Please open the file in the browser:

test CORS

insert the link obtained previously: https://s3.waw2-1.cloudferro.com/swift/v1/AUTH_8b72c381c7724c44b971e6a5862a0b94/container-nr-1/

now click on "Submit" button:

If you open console in the browser, you will see the message informing that access was blocked.

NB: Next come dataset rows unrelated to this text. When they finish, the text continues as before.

(* Let $X$ be a set of pointed Kripke models, $\Lambda$ a normal modal logic sound with respect to $X$, $D\subseteq\boldsymbol{\mathcal{L}}_{\Lambda}$ a $\Lambda$-representative descriptor for $X$, and $d_w\in\mathcal{D}_{(X,D)}$. Then every clean map $\boldsymbol{f}:X_{\boldsymbol{\mathcal{L}}_{\Lambda}}\to X_{\boldsymbol{\mathcal{L}}_{\Lambda}}$ is uniformly continuous in the metric space $(X_{\boldsymbol{\mathcal{L}}_{\Lambda}},d_w)$ (where $X_D=X_{\boldsymbol{\mathcal{L}}_{\Lambda}}$).
   Context: Signature: countable non-empty sets $\Phi$ (atoms) and $\mathcal{I}$ (indices); $\mathcal{L}$: $\varphi ::= \top\mid p\mid\neg\varphi\mid\varphi\wedge\varphi\mid\Box_i\varphi$. Kripke models $M=(\llbracket M\rrbracket,R,\llbracket\cdot\rrbracket)$ have countable non-empty state sets, relations $R_i$ ($i\in\mathcal{I}$) and atom valuation $\llbracket\cdot\rrbracket$; pointed models $Ms$; standard semantics. For a normal modal logic $\Lambda$, $\boldsymbol{\varphi}$ is the class of formulas $\Lambda$-provably equivalent to $\varphi$, and $\boldsymbol{\mathcal{L}}_{\Lambda}=\{\boldsymbol{\varphi}:\varphi\in\mathcal{L}\}$. A descriptor for $X$ is a set $D\subseteq\boldsymbol{\mathcal{L}}_{\Lambda}$; $X_D=\{\boldsymbol{x}_D:x\in X\}$ with $\boldsymbol{x}_D=\{y\in X:\forall\boldsymbol{\varphi}\in D,\ y\models\varphi\iff x\models\varphi\}$. $D$ is $\Lambda$-representative if for every $\varphi\in\mathcal{L}$ there is $\{\boldsymbol{\psi}_i\}_{i\in I}\subseteq D$ such that for every $J\subseteq I$ the set $\{\psi_i\}_{i\in J}\cup\{\neg\psi_i\}_{i\in I\setminus J}$ $\Lambda$-entails $\varphi$ or $\neg\varphi$. With an enumeration $\boldsymbol{\varphi}_1,\boldsymbol{\varphi}_2,\dots$ of $D$, a weight function is $w:D\to\mathbb{R}_{>0}$ with $\sum_k w(\boldsymbol{\varphi}_k)<\infty$, and $d_w(\boldsymbol{x},\boldsymbol{y})=\sum_k w(\boldsymbol{\varphi}_k)d_k(\boldsymbol{x},\boldsymbol{y})$ where $d_k=0$ if $x,y$ agree on $\varphi_k$ and $1$ otherwise; $\mathcal{D}_{(X,D)}$ is the set of all such $d_w$. A multi-pointed action model is $\Sigma\Gamma=(\llbracket\Sigma\rrbracket,\mathsf{R},pre,post,\Gamma)$ with $\llbracket\Sigma\rrbracket$ a countable non-empty set of actions, $\mathsf{R}_i\subseteq\llbracket\Sigma\rrbracket^2$ for $i\in\mathcal{I}$, $pre:\llbracket\Sigma\rrbracket\to\mathcal{L}$, $post:\llbracket\Sigma\rrbracket\to\mathcal{L}$ with each $post(\sigma)$ either $\top$ or a conjunction of literals over $\Phi$, and $\emptyset\neq\Gamma\subseteq\llbracket\Sigma\rrbracket$. It is precondition finite if $\{\boldsymbol{pre(\sigma)}:\sigma\in\llbracket\Sigma\rrbracket\}$ is finite; exhaustive over $X$ if every $x\in X$ satisfies $pre(\sigma)$ for some $\sigma\in\Gamma$; deterministic over $X$ if every $x\in X$ satisfies $pre(\sigma)\wedge pre(\sigma')\to\bot$ for all $\sigma\neq\sigma'\in\Gamma$. For such $\Sigma\Gamma$ and $Ms\in X$, the product update $Ms\otimes\Sigma\Gamma$ has states $\{(s,\sigma):Ms\models pre(\sigma)\}$, relations $R'_i=\{((s,\sigma),(t,\tau)):(s,t)\in R_i,(\sigma,\tau)\in\mathsf{R}_i\}$, valuation $\llbracket p\rrbracket'=\{(s,\sigma):s\in\llbracket p\rrbracket, post(\sigma)\not\models\neg p\}\cup\{(s,\sigma):post(\sigma)\models p\}$, and designated state $(s,\sigma)$ for the $\sigma\in\Gamma$ with $Ms\models pre(\sigma)$. $\Sigma\Gamma$ is closing over $X$ if $x\otimes\Sigma\Gamma\in X$ for all $x\in X$. A map $\boldsymbol{f}:X_{\boldsymbol{\mathcal{L}}_{\Lambda}}\to X_{\boldsymbol{\mathcal{L}}_{\Lambda}}$ is clean if there is a precondition finite multi-pointed action model $\Sigma\Gamma$ closing, deterministic and exhaustive over $X$ with $\boldsymbol{f}(\boldsymbol{x})=\boldsymbol{y}$ iff $x\otimes\Sigma\Gamma\in\boldsymbol{y}$. *)

theory Defs
  imports "HOL-Analysis.Analysis"
begin
lemma AE_funpow:
  assumes "f \<in> P \<rightarrow>\<^sub>M P" and "distr P P f = P" and "AE x in P. Q x"
  shows "AE x in P. \<forall>n. Q ((f ^^ n) x)"
  unfolding AE_all_countable
  using assms AE_distrD[OF measurable_compose_n] distr_funpow_eq by metis

lemma funpow_left_inverse:
  assumes "\<And>x. x \<in> space P \<Longrightarrow> g (f x) = x" and "f \<in> P \<rightarrow>\<^sub>M P" and "x \<in> space P"
  shows "(g ^^ n) ((f ^^ n) x) = x"
proof (induction n)
  case (Suc n)
  have "(f ^^ n) x \<in> space P"
    using measurable_space[OF measurable_compose_n[OF assms(2)] assms(3)] .
  then have "(g ^^ n) (g (f ((f ^^ n) x))) = x"
    using Suc assms(1) by simp
  then show ?case by (simp add: funpow_swap1)
qed simp

lemma integrable_lcomp:
  assumes TO: "\<And>\<omega>'. \<omega>' \<in> \<Omega> \<Longrightarrow> is_transfer_operator m (T \<omega>') (L \<omega>' \<epsilon>)"
    and invariant: "\<And>\<omega>'. \<omega>' \<in> \<Omega> \<Longrightarrow> \<sigma> \<omega>' \<in> \<Omega>"
    and "\<omega> \<in> \<Omega>" and "integrable m h"
  shows "integrable m (lcomp L \<sigma> n \<omega> \<epsilon> h)"
proof (induction n)
  case (Suc n)
  have "(\<sigma> ^^ n) \<omega> \<in> \<Omega>" using invariant \<open>\<omega> \<in> \<Omega>\<close> by (induction n) auto
  moreover have "bounded (range (\<lambda>_::'m. 1::real))" by simp
  ultimately have "integrable m (L ((\<sigma> ^^ n) \<omega>) \<epsilon> (lcomp L \<sigma> n \<omega> \<epsilon> h))"
    using TO Suc unfolding is_transfer_operator_def by (meson borel_measurable_const)
  then show ?case by simp
qed (simp add: \<open>integrable m h\<close>)

lemma supnorm_leD:
  assumes "supnorm m g \<le> ereal r"
  shows "AE x in m. \<bar>g x\<bar> \<le> r"
  using esssup_AE[of "\<lambda>x. ereal \<bar>g x\<bar>" m]
proof eventually_elim
  case (elim x)
  then show ?case using assms unfolding supnorm_def by (metis ereal_less_eq(3) order_trans)
qed

lemma supnorm_le_triangle:
  assumes "g \<in> borel_measurable m"
    and "supnorm m (\<lambda>x. g x - h x) \<le> ereal r"
    and "supnorm m (\<lambda>x. k x - h x) \<le> ereal s"
    and "supnorm m k \<le> ereal t"
  shows "supnorm m g \<le> ereal (r + s + t)"
  unfolding supnorm_def
proof (rule esssup_I)
  show "(\<lambda>x. ereal \<bar>g x\<bar>) \<in> borel_measurable m" using assms(1) by measurable
  show "AE x in m. ereal \<bar>g x\<bar> \<le> ereal (r + s + t)"
    using supnorm_leD[OF assms(2)] supnorm_leD[OF assms(3)] supnorm_leD[OF assms(4)]
    by eventually_elim auto
qed

lemma in_Lp_cmult:
  assumes "in_Lp P p g"
  shows "in_Lp P p (\<lambda>x. c * g x)"
  using assms unfolding in_Lp_def by (auto simp: abs_mult powr_mult)

definition orbit_power_sum :: "('o \<Rightarrow> 'o) \<Rightarrow> ('o \<Rightarrow> real) \<Rightarrow> real \<Rightarrow> real \<Rightarrow> 'o \<Rightarrow> ennreal" where
  "orbit_power_sum f C \<beta> p \<omega> = (\<Sum>n. ennreal ((\<bar>C ((f ^^ n) \<omega>)\<bar> * real n powr (-\<beta>)) powr p))"

text \<open>Since \<open>enn2real \<infinity> = 0\<close>, the majorant is meaningful only where the sum is finite,
  which is almost everywhere.\<close>
definition orbit_majorant :: "('o \<Rightarrow> 'o) \<Rightarrow> ('o \<Rightarrow> real) \<Rightarrow> real \<Rightarrow> real \<Rightarrow> 'o \<Rightarrow> real" where
  "orbit_majorant f C \<beta> p \<omega> = enn2real (orbit_power_sum f C \<beta> p \<omega>) powr (1 / p)"

lemma borel_measurable_orbit_power_sum:
  assumes "f \<in> P \<rightarrow>\<^sub>M P" and "C \<in> borel_measurable P"
  shows "orbit_power_sum f C \<beta> p \<in> borel_measurable P"
  unfolding orbit_power_sum_def using assms by measurable

lemma nn_integral_orbit_power_sum:
  assumes f: "f \<in> P \<rightarrow>\<^sub>M P" and preserving: "distr P P f = P"
    and C: "C \<in> borel_measurable P"
  shows "(\<integral>\<^sup>+\<omega>. orbit_power_sum f C \<beta> p \<omega> \<partial>P)
    = (\<Sum>n. ennreal (real n powr (-\<beta> * p))) * (\<integral>\<^sup>+\<omega>. ennreal (\<bar>C \<omega>\<bar> powr p) \<partial>P)"
proof -
  have C_orbit: "(\<lambda>\<omega>. C ((f ^^ n) \<omega>)) \<in> borel_measurable P" for n
    using f C by measurable
  have orbit_term: "(\<integral>\<^sup>+\<omega>. ennreal ((\<bar>C ((f ^^ n) \<omega>)\<bar> * real n powr (-\<beta>)) powr p) \<partial>P)
      = ennreal (real n powr (-\<beta> * p)) * (\<integral>\<^sup>+\<omega>. ennreal (\<bar>C \<omega>\<bar> powr p) \<partial>P)" for n
  proof -
    have "(\<integral>\<^sup>+\<omega>. ennreal ((\<bar>C ((f ^^ n) \<omega>)\<bar> * real n powr (-\<beta>)) powr p) \<partial>P)
        = (\<integral>\<^sup>+\<omega>. ennreal (real n powr (-\<beta> * p)) * ennreal (\<bar>C ((f ^^ n) \<omega>)\<bar> powr p) \<partial>P)"
      by (simp add: powr_mult powr_powr ennreal_mult' mult.commute)
    also have "\<dots> = ennreal (real n powr (-\<beta> * p)) * (\<integral>\<^sup>+\<omega>. ennreal (\<bar>C ((f ^^ n) \<omega>)\<bar> powr p) \<partial>P)"
      using C_orbit by (intro nn_integral_cmult) measurable
    also have "(\<integral>\<^sup>+\<omega>. ennreal (\<bar>C ((f ^^ n) \<omega>)\<bar> powr p) \<partial>P)
        = (\<integral>\<^sup>+\<omega>. ennreal (\<bar>C \<omega>\<bar> powr p) \<partial>distr P P (f ^^ n))"
      using f C by (simp add: nn_integral_distr measurable_compose_n)
    finally show ?thesis using distr_funpow_eq[OF f preserving] by simp
  qed
  have "(\<integral>\<^sup>+\<omega>. orbit_power_sum f C \<beta> p \<omega> \<partial>P)
      = (\<Sum>n. \<integral>\<^sup>+\<omega>. ennreal ((\<bar>C ((f ^^ n) \<omega>)\<bar> * real n powr (-\<beta>)) powr p) \<partial>P)"
    unfolding orbit_power_sum_def using C_orbit by (intro nn_integral_suminf) measurable
  then show ?thesis by (simp add: orbit_term)
qed

lemma nn_integral_orbit_power_sum_finite:
  assumes "f \<in> P \<rightarrow>\<^sub>M P" and "distr P P f = P" and C: "in_Lp P p C" and "\<beta> * p > 1"
  shows "(\<integral>\<^sup>+\<omega>. orbit_power_sum f C \<beta> p \<omega> \<partial>P) \<noteq> \<infinity>"
proof -
  have "summable (\<lambda>n. real n powr (-\<beta> * p))"
    using \<open>\<beta> * p > 1\<close> by (simp add: summable_real_powr_iff)
  then have "(\<Sum>n. ennreal (real n powr (-\<beta> * p))) \<noteq> \<infinity>"
    by (subst suminf_ennreal2) auto
  moreover have "(\<integral>\<^sup>+\<omega>. ennreal (\<bar>C \<omega>\<bar> powr p) \<partial>P) \<noteq> \<infinity>"
    using C unfolding in_Lp_def by (simp add: nn_integral_eq_integral)
  ultimately show ?thesis
    using C assms(1,2) unfolding in_Lp_def
    by (simp add: nn_integral_orbit_power_sum ennreal_mult_eq_top_iff)
qed

lemma AE_orbit_power_sum_finite:
  assumes "f \<in> P \<rightarrow>\<^sub>M P" and "distr P P f = P" and "in_Lp P p C" and "\<beta> * p > 1"
  shows "AE \<omega> in P. orbit_power_sum f C \<beta> p \<omega> \<noteq> \<infinity>"
  using assms nn_integral_orbit_power_sum_finite[OF assms]
  unfolding in_Lp_def by (intro nn_integral_PInf_AE borel_measurable_orbit_power_sum) auto

lemma in_Lp_orbit_majorant:
  assumes f: "f \<in> P \<rightarrow>\<^sub>M P" and "distr P P f = P" and C: "in_Lp P p C"
    and "p > 0" and "\<beta> * p > 1"
  shows "in_Lp P p (orbit_majorant f C \<beta> p)"
  unfolding in_Lp_def
proof
  have S: "orbit_power_sum f C \<beta> p \<in> borel_measurable P"
    using f C unfolding in_Lp_def by (blast intro: borel_measurable_orbit_power_sum)
  then show "orbit_majorant f C \<beta> p \<in> borel_measurable P"
    unfolding orbit_majorant_def by measurable
  have "\<bar>orbit_majorant f C \<beta> p \<omega>\<bar> powr p = enn2real (orbit_power_sum f C \<beta> p \<omega>)" for \<omega>
    using \<open>p > 0\<close> by (simp add: orbit_majorant_def powr_powr)
  moreover have "integrable P (\<lambda>\<omega>. enn2real (orbit_power_sum f C \<beta> p \<omega>))"
  proof (rule integrableI_bounded)
    show "(\<lambda>\<omega>. enn2real (orbit_power_sum f C \<beta> p \<omega>)) \<in> borel_measurable P"
      using S by measurable
    have "(\<integral>\<^sup>+\<omega>. ennreal (norm (enn2real (orbit_power_sum f C \<beta> p \<omega>))) \<partial>P)
        \<le> (\<integral>\<^sup>+\<omega>. orbit_power_sum f C \<beta> p \<omega> \<partial>P)"
      by (intro nn_integral_mono) (simp add: ennreal_enn2real_if)
    then show "(\<integral>\<^sup>+\<omega>. ennreal (norm (enn2real (orbit_power_sum f C \<beta> p \<omega>))) \<partial>P) < \<infinity>"
      using nn_integral_orbit_power_sum_finite[OF assms(1-3,5)] by (simp add: less_top order_le_less_trans)
  qed
  ultimately show "integrable P (\<lambda>\<omega>. \<bar>orbit_majorant f C \<beta> p \<omega>\<bar> powr p)" by simp
qed

lemma orbit_term_le_majorant:
  assumes "orbit_power_sum f C \<beta> p \<omega> \<noteq> \<infinity>" and "p > 0"
  shows "\<bar>C ((f ^^ n) \<omega>)\<bar> * real n powr (-\<beta>) \<le> orbit_majorant f C \<beta> p \<omega>"
proof -
  define t where "t = \<bar>C ((f ^^ n) \<omega>)\<bar> * real n powr (-\<beta>)"
  have "ennreal (t powr p) \<le> orbit_power_sum f C \<beta> p \<omega>"
    unfolding orbit_power_sum_def t_def using ennreal_suminf_lessD not_le by blast
  then have "enn2real (ennreal (t powr p)) \<le> enn2real (orbit_power_sum f C \<beta> p \<omega>)"
    using assms(1) by (intro enn2real_mono) (simp_all add: less_top)
  then have "t powr p \<le> enn2real (orbit_power_sum f C \<beta> p \<omega>)"
    by simp
  then have "(t powr p) powr (1 / p) \<le> orbit_majorant f C \<beta> p \<omega>"
    unfolding orbit_majorant_def using \<open>p > 0\<close> by (intro powr_mono2) auto
  then show ?thesis
    using \<open>p > 0\<close> by (simp add: t_def powr_powr)
qed

lemma supnorm_lcomp_pullback_le_via_limit:
  fixes \<sigma>i :: "'o \<Rightarrow> 'o"
  assumes measurable: "lcomp L \<sigma> n ((\<sigma>i ^^ n) \<omega>) \<epsilon> (\<lambda>_. 1) \<in> borel_measurable m"
    and decay: "\<And>k. k \<ge> 1 \<Longrightarrow> supnorm m (\<lambda>x. lcomp L \<sigma> k ((\<sigma>i ^^ k) \<omega>) \<epsilon> (\<lambda>_. 1) x - h x)
      \<le> ereal (C ((\<sigma>i ^^ k) \<omega>) * real k powr (-\<beta>) * K)"
    and E: "supnorm m (L (\<sigma>i \<omega>) \<epsilon> (\<lambda>_. 1)) \<le> ereal e"
    and majorant: "\<And>k. \<bar>C ((\<sigma>i ^^ k) \<omega>)\<bar> * real k powr (-\<beta>) \<le> M"
    and "n \<ge> 1"
  shows "supnorm m (lcomp L \<sigma> n ((\<sigma>i ^^ n) \<omega>) \<epsilon> (\<lambda>_. 1)) \<le> ereal (2 * \<bar>K\<bar> * M + e)"
proof -
  have weighted: "C ((\<sigma>i ^^ k) \<omega>) * real k powr (-\<beta>) * K \<le> \<bar>K\<bar> * M" for k
  proof -
    have "C ((\<sigma>i ^^ k) \<omega>) * real k powr (-\<beta>) * K
        \<le> (\<bar>C ((\<sigma>i ^^ k) \<omega>)\<bar> * real k powr (-\<beta>)) * \<bar>K\<bar>"
      by (metis abs_ge_self abs_mult abs_of_nonneg powr_ge_zero)
    also have "\<dots> \<le> M * \<bar>K\<bar>" using majorant by (intro mult_right_mono) auto
    finally show ?thesis by (simp add: mult.commute)
  qed
  have "supnorm m (\<lambda>x. L (\<sigma>i \<omega>) \<epsilon> (\<lambda>_. 1) x - h x) \<le> ereal (C (\<sigma>i \<omega>) * K)"
    using decay[of 1] by simp
  also have "\<dots> \<le> ereal (\<bar>K\<bar> * M)" using weighted[of 1] by simp
  finally have step_1: "supnorm m (\<lambda>x. L (\<sigma>i \<omega>) \<epsilon> (\<lambda>_. 1) x - h x) \<le> ereal (\<bar>K\<bar> * M)" .
  have step_n: "supnorm m (\<lambda>x. lcomp L \<sigma> n ((\<sigma>i ^^ n) \<omega>) \<epsilon> (\<lambda>_. 1) x - h x) \<le> ereal (\<bar>K\<bar> * M)"
    using decay[OF \<open>n \<ge> 1\<close>] weighted[of n] by (simp add: order_trans)
  have "supnorm m (lcomp L \<sigma> n ((\<sigma>i ^^ n) \<omega>) \<epsilon> (\<lambda>_. 1)) \<le> ereal (\<bar>K\<bar> * M + \<bar>K\<bar> * M + e)"
    by (rule supnorm_le_triangle[OF measurable step_n step_1 E])
  also have "\<bar>K\<bar> * M + \<bar>K\<bar> * M + e = 2 * \<bar>K\<bar> * M + e" by simp
  finally show ?thesis .
qed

Now prepare the Python environment according to the article:

HOW TO INSTALL OPENSTACKCLIENT (LINUX)?

and source the RC file:

$ source jdoe-test.sh
Please enter your OpenStack Password for project test_project as user john.doe@cloudferro.com:

You can check if you can see the container and objects by invoking the following commands:

$ openstack container list
+----------------+
| Name           |
+----------------+
| container-nr-1 |
+----------------+

$ openstack object list container-nr-1
+---------------+
| Name          |
+---------------+
| file-nr-1.txt |
| file-nr-2.txt |
+---------------+

Now you should generate EC2 credentials according to the article:

How to generate ec2 credentials?

$ openstack ec2 credentials create -f json
{
  "access": "<access code>",
  "access_token_id": null,
  "links": {
    "self": "https://cf2.cloudferro.com:5000/v3/users/<user id>/credentials/OS-EC2/<access code>"
  },
  "project_id": "8b72c381c7724c44b971e6a5862a0b94",
  "secret": "<secret code>",
  "trust_id": null,
  "user_id": "<user id>"
}

Now you need to configure s3cmd tool

HOW TO ACCESS PRIVATE OBJECT STORAGE USING S3CMD OR BOTO3?

 

Below is the simplified configuration:

You need to create a config file e.g. jdoe-test-s3cfg

 

with the following content:

location = RegionOne
access_key = <access code>
host_base = s3.waw2-1.cloudferro.com
host_bucket = s3.waw2-1.cloudferro.com
secret_key = <secret code>

 

Now you can check the properties of your container:

$ s3cmd -c jdoe-test-s3cfg info s3://container-nr-1
s3://container-nr-1/ (bucket):
   Location:  dias_default
   Payer:     BucketOwner
   Expiration Rule: none
   Policy:    none
   CORS:      none
   ACL:       test_project: FULL_CONTROL

Now prepare another file: cors.xml

<CORSConfiguration>
<CORSRule>
<AllowedOrigin>*</AllowedOrigin>
<AllowedMethod>GET</AllowedMethod>
<AllowedHeader>*</AllowedHeader>
</CORSRule>
</CORSConfiguration>

 

and invoke the following command:

$ s3cmd -c jdoe-test-s3cfg setcors cors.xml s3://container-nr-1

Now check the properties of the container:

$ s3cmd -c jdoe-test-s3cfg info s3://container-nr-1
s3://container-nr-1/ (bucket):
   Location:  dias_default
   Payer:     BucketOwner
   Expiration Rule: none
   Policy:    none
   CORS:      <CORSConfiguration xmlns="http://s3.amazonaws.com/doc/2006-03-01/"><CORSRule><AllowedMethod>GET</AllowedMethod><AllowedOrigin>*</AllowedOrigin><AllowedHeader>*</AllowedHeader></CORSRule></CORSConfiguration>
   ACL:       test_project: FULL_CONTROL

and test the cors-test.html file again

The screen above shows that CORS has been enabled.